### [Work item]
Go through the entries below and collect each line with the string "assumes" in it.

### [Entries supplied]
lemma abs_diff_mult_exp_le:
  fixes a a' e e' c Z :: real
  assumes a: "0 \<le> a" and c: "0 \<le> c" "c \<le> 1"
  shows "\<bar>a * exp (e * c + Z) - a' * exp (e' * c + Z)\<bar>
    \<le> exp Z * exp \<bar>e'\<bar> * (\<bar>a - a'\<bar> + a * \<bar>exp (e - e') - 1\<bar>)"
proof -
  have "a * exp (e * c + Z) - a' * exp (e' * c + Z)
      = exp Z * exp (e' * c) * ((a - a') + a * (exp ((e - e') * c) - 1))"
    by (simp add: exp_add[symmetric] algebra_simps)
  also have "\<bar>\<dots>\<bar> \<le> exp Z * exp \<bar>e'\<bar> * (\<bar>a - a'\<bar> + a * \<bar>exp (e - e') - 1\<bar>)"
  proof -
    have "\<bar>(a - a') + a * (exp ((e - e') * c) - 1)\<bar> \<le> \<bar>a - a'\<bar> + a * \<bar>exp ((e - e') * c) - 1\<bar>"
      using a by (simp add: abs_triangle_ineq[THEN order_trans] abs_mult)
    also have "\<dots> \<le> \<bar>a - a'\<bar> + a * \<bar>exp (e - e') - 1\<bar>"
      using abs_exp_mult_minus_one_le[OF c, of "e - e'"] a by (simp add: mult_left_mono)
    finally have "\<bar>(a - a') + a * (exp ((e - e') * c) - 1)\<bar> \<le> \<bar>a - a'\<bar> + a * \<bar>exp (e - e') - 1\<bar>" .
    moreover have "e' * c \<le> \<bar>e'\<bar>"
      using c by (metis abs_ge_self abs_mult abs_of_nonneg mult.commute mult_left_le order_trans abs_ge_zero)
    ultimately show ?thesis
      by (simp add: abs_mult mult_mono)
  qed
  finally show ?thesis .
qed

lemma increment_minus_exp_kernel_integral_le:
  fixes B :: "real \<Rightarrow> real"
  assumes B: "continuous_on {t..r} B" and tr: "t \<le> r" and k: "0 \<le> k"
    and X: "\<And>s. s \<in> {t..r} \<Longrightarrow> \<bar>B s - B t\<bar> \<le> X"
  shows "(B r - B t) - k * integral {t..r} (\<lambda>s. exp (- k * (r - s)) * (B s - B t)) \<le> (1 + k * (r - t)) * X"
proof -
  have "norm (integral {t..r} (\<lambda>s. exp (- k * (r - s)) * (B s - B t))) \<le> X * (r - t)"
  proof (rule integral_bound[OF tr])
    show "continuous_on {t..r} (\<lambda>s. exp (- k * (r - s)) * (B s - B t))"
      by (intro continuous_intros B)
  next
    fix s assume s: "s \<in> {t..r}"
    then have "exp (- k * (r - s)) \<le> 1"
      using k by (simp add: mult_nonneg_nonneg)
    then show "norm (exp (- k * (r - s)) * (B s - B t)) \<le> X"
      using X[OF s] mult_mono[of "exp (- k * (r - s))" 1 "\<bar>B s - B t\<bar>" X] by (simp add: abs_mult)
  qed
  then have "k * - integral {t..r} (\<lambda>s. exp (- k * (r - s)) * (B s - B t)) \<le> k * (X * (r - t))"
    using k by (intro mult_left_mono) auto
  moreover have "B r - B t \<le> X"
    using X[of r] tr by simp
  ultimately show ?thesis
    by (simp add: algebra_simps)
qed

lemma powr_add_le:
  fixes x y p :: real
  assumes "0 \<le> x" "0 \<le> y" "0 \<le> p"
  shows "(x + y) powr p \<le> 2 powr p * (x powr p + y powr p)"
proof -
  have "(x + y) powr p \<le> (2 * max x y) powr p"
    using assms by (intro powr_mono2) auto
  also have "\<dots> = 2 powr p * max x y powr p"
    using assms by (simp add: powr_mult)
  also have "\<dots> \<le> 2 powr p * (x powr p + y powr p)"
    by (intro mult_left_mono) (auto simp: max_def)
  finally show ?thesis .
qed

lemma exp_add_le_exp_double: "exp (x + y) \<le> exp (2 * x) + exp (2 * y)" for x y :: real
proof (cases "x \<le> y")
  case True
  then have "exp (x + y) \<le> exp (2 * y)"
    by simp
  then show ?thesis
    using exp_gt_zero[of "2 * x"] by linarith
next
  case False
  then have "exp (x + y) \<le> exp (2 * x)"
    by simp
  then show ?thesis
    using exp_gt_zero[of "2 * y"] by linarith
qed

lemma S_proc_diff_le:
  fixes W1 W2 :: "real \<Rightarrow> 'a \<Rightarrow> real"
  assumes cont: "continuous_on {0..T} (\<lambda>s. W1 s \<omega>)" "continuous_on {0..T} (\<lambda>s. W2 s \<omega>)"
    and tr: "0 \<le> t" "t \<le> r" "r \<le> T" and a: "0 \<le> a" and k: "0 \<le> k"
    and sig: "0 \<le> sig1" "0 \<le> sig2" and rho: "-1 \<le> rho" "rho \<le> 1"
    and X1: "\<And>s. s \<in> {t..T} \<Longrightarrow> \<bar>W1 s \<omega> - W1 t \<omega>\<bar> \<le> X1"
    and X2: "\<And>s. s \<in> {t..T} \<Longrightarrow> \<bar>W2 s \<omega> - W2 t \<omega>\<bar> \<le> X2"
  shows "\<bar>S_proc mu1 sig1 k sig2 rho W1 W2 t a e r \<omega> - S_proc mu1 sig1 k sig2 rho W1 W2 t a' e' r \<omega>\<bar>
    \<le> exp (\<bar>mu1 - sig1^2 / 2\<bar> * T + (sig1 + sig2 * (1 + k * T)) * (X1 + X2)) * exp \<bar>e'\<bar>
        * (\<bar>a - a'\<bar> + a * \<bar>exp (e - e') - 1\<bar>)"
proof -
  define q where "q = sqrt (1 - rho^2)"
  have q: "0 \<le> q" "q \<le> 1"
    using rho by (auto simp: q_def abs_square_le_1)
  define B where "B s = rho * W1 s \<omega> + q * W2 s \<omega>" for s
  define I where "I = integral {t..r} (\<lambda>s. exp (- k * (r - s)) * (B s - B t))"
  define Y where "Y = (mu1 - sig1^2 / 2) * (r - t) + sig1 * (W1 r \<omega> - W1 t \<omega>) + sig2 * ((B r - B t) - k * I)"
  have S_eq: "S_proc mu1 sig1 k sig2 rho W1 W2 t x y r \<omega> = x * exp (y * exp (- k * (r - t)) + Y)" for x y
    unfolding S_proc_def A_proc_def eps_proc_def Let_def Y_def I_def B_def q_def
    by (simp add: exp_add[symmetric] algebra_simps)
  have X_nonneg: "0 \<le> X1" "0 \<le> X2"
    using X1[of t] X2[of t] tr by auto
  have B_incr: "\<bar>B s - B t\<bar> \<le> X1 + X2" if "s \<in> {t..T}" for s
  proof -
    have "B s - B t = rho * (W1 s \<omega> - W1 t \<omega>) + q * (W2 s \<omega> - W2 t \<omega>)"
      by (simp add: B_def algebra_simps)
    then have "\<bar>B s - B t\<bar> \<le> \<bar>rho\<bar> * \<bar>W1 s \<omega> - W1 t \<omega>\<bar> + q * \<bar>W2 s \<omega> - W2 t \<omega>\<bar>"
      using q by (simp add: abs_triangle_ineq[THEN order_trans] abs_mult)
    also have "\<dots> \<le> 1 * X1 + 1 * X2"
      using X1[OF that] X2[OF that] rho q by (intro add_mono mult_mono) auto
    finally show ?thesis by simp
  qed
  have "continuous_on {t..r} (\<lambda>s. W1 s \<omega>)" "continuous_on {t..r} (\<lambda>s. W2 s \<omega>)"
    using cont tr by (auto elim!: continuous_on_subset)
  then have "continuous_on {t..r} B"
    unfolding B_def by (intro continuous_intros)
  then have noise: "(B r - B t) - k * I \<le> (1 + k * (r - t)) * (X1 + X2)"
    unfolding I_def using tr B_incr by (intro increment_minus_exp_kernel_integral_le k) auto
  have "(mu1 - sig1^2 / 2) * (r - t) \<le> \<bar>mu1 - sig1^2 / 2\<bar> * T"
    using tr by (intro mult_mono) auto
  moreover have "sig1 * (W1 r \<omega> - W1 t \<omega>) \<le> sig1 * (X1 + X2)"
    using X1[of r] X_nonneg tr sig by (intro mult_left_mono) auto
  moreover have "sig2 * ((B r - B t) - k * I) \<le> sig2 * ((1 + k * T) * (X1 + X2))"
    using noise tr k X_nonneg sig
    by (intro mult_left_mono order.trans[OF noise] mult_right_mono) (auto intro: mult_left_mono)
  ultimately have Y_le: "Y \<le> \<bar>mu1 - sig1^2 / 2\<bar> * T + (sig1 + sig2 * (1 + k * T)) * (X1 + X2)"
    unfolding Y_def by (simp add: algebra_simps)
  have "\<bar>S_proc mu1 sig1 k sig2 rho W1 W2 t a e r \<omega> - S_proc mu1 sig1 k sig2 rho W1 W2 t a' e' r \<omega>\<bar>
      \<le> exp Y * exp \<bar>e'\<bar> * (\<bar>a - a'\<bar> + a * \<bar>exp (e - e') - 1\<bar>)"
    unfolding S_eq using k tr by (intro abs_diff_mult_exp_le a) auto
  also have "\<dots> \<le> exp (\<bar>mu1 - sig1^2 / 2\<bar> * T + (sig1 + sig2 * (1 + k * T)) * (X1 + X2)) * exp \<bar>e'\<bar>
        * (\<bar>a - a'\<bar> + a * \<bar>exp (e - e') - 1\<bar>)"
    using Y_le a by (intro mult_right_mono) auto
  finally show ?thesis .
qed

### [Written answer]
  assumes a: "0 \<le> a" and c: "0 \<le> c" "c \<le> 1"
  assumes B: "continuous_on {t..r} B" and tr: "t \<le> r" and k: "0 \<le> k"
  assumes "0 \<le> x" "0 \<le> y" "0 \<le> p"
  assumes cont: "continuous_on {0..T} (\<lambda>s. W1 s \<omega>)" "continuous_on {0..T} (\<lambda>s. W2 s \<omega>)"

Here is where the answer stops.